The following is the abstract of a proposal submitted to the National Science Foundation on using AI to detect and combat online antisemitism by the Comper Center in collaboration with colleagues from the Universities of Haifa and Washington and Carnegie Mellon University

Adaptive Methods for Characterizing, Detecting, and Combating Antisemitism Online

BSF Application no. 2024674               NSF Application no. 2434771

PIs: Shuly Wintner (University of Haifa), David Barak-Gorodetsky (University of Haifa),
Maarten Sap (Carnegie Mellon University), Yulia Tsvetkov (University of Washington)

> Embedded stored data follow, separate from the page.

lemma pnorm2_recon_diff_le:
  assumes "d \<ge> 1"
    and "\<And>k. k < d \<Longrightarrow> cmod (coset_values d y k - c0 * peval d p (grid d (best_coset d y) k)) \<le> \<Delta>"
  shows "pnorm2 d (\<lambda>a. recon d y a - c0 * p a) \<le> \<Delta>"
proof -
  define z0 where "z0 = cis (2*pi*real (best_coset d y)/real (d*d))"
  have grid: "grid d (best_coset d y) k = z0 * nu d ^ k" for k unfolding grid_def z0_def ..
  have z0: "cmod z0 = 1" unfolding z0_def by simp
  define \<delta> where "\<delta> = (\<lambda>k. coset_values d y k - c0 * peval d p (z0 * nu d ^ k))"
  have "recon d y a - c0 * p a = (\<Sum>k<d. \<delta> k * cnj (z0 * nu d^k)^a) / of_nat d" if "a < d" for a
  proof -
    have "p a = (\<Sum>k<d. peval d p (z0 * nu d^k) * cnj (z0 * nu d^k)^a) / of_nat d"
      by (rule inverse_dft_peval[OF assms(1) z0 that, symmetric])
    then show ?thesis unfolding recon_def grid \<delta>_def using that
      by (simp add: sum_subtractf sum_distrib_left diff_divide_distrib algebra_simps)
  qed
  then have "pnorm2 d (\<lambda>a. recon d y a - c0 * p a)
      = sqrt (\<Sum>a<d. (cmod ((\<Sum>k<d. \<delta> k * cnj (z0 * nu d^k)^a) / of_nat d))\<^sup>2)"
    unfolding pnorm2_def by simp
  also have "\<dots> = sqrt ((\<Sum>k<d. (cmod (\<delta> k))\<^sup>2) / real d)"
    by (simp only: dft_parseval[OF assms(1) z0])
  also have "\<dots> \<le> sqrt (\<Delta>\<^sup>2)"
  proof (rule real_sqrt_le_mono)
    have "(\<Sum>k<d. (cmod (\<delta> k))\<^sup>2) \<le> (\<Sum>k<d. \<Delta>\<^sup>2)"
      using assms(2) unfolding \<delta>_def grid by (intro sum_mono power_mono) auto
    then show "(\<Sum>k<d. (cmod (\<delta> k))\<^sup>2) / real d \<le> \<Delta>\<^sup>2"
      using assms(1) by (simp add: divide_le_eq mult.commute)
  qed
  also have "\<dots> = \<Delta>"
    using assms(2)[of 0] assms(1) norm_ge_zero order_trans by (metis real_sqrt_abs abs_of_nonneg
        less_le_trans zero_less_one)
  finally show ?thesis .
qed

lemma coset_values_error:
  fixes eps :: "nat \<Rightarrow> real"
  assumes d: "d \<ge> 2" and "\<alpha> < 1" and pn: "pnorm2 d p = 1"
    and eps: "supnorm d eps \<le> \<alpha> * (betaconst d)\<^sup>2 / real (2*d-1)"
  defines "y \<equiv> noisy_meas d p eps" and "b \<equiv> betaconst d * sqrt (1 - \<alpha>)"
    and "N \<equiv> real (2*d-1)" and "e \<equiv> supnorm d eps"
  shows "\<exists>c0. cmod c0 = 1 \<and> (\<forall>k<d.
           cmod (coset_values d y k - c0 * peval d p (grid d (best_coset d y) k))
             \<le> N * (2 * N + 5) * e / b * (\<Sum>i<Suc k. (2 * sqrt (real d) / b)^i))"
proof -
  define u where "u = (\<lambda>k. peval d p (grid d (best_coset d y) k))"
  define g where "g = (\<lambda>k. Re (abs2_est d y (grid d (best_coset d y) k)))"
  define F where "F = (\<lambda>k. cross_est d y (grid d (best_coset d y) k))"
  have d1: "d \<ge> 1" using d by simp
  have b: "b > 0" unfolding b_def using betaconst_bounds(2)[OF d] assms(2) by simp
  have "N * e \<le> \<alpha> * (betaconst d)\<^sup>2"
    using eps d unfolding N_def e_def by (simp add: le_divide_eq mult.commute)
  moreover have "b\<^sup>2 = (betaconst d)\<^sup>2 - \<alpha> * (betaconst d)\<^sup>2"
    unfolding b_def using assms(2) by (simp add: algebra_simps)
  ultimately have "b\<^sup>2 \<le> (betaconst d)\<^sup>2 - N * e" by linarith
  then have g_ge: "b\<^sup>2 \<le> g k" if "k < d" for k
    using abs2_est_best_coset_ge[OF d pn that, of eps] unfolding g_def y_def N_def e_def by linarith
  have g_err: "\<bar>g k - (cmod (u k))\<^sup>2\<bar> \<le> N * e" for k
    unfolding g_def u_def y_def N_def e_def by (rule abs_Re_abs2_est_diff_le[OF d1 norm_grid])
  have F_err: "cmod (F k - u k * cnj (u (Suc k))) \<le> N * ((N + 2) * e)" for k
    using norm_cross_est_diff_le[OF d1 norm_grid] unfolding F_def u_def y_def N_def e_def grid_Suc .
  have u_le: "cmod (u k) \<le> sqrt (real d)" for k
    unfolding u_def by (rule norm_peval_le_sqrt[OF norm_grid pn])
  have v_0: "coset_values d y 0 = of_real (sqrt (g 0))"
    and v_Suc: "\<And>k. coset_values d y (Suc k)
      = of_real (sqrt (g (Suc k))) * phase (cnj (F k) / cnj (coset_values d y k))"
    unfolding g_def F_def by simp_all
  have \<gamma>: "(N * e + 2 * (N * ((N + 2) * e))) / b = N * (2 * N + 5) * e / b"
    by (simp add: algebra_simps)
  show ?thesis
    using phase_propagation_error[where u=u and v="coset_values d y" and F=F and g=g and d=d,
        OF b g_ge g_err F_err u_le v_0 v_Suc]
    unfolding \<gamma> u_def .
qed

Online hate speech, toxic language, and otherwise prejudiced rhetoric can exacerbate existing social inequalities, cause mental health issues, and catalyze physical violence. The rise of such hateful content in online platforms motivated several natural language processing (NLP) approaches that address hate speech. However, properly tackling online hate speech still poses several challenges: 1. The definition of hate speech is subjective and debatable, and identifying it requires deep background knowledge of the target group and its societal context; 2. The manifestations of hate speech vary greatly, ranging from overt calls to violence to disguised, coded messages that are computationally challenging to detect, including dogwhistles, microaggressions, and implied statements; 3. Hate speech continuously evolves over time, making it a moving target for computational detection. Thus, properly addressing and combating hate speech computationally requires solutions that are fine-grained and adaptive to the various and ever-evolving forms hate speech can take and to the nuanced historical contexts of hate towards groups. Additionally, it requires building deep target-specific knowledge of the various manifestations of hate speech. Our proposal focuses on antisemitism. The subjective and often-debated, ancient-yet-ever-evolving, and culturally and temporally specific nature of antisemitism provides the right complexity for developing and studying fine-grained and adaptive combating tools with real impact. That said, our proposed developments will also pave the way for general computational solutions to combat other instances of hate speech and toxic language.
We propose to develop novel computational language technology methods for detecting and combating antisemitism online, based on a strong theoretical foundation, and a deep interdisciplinary understanding of antisemitism and its ever-changing appearances. We define three main goals:

1. Deepen our understanding of antisemitism and how it is manifested in online venues.

2. Develop adaptive methodologies to identify novel instances of antisemitism, including disambiguation of dogwhistles and classification of coded antisemitism, across domains.

3. Develop methodologies to combat antisemitism online, using various methods for highlighting the aggressive or hurtful nature of those utterances and suggesting educational responses. We will also employ extensive outreach activities, deploying our technology to empower stakeholders and policymakers to better tackle antisemitism.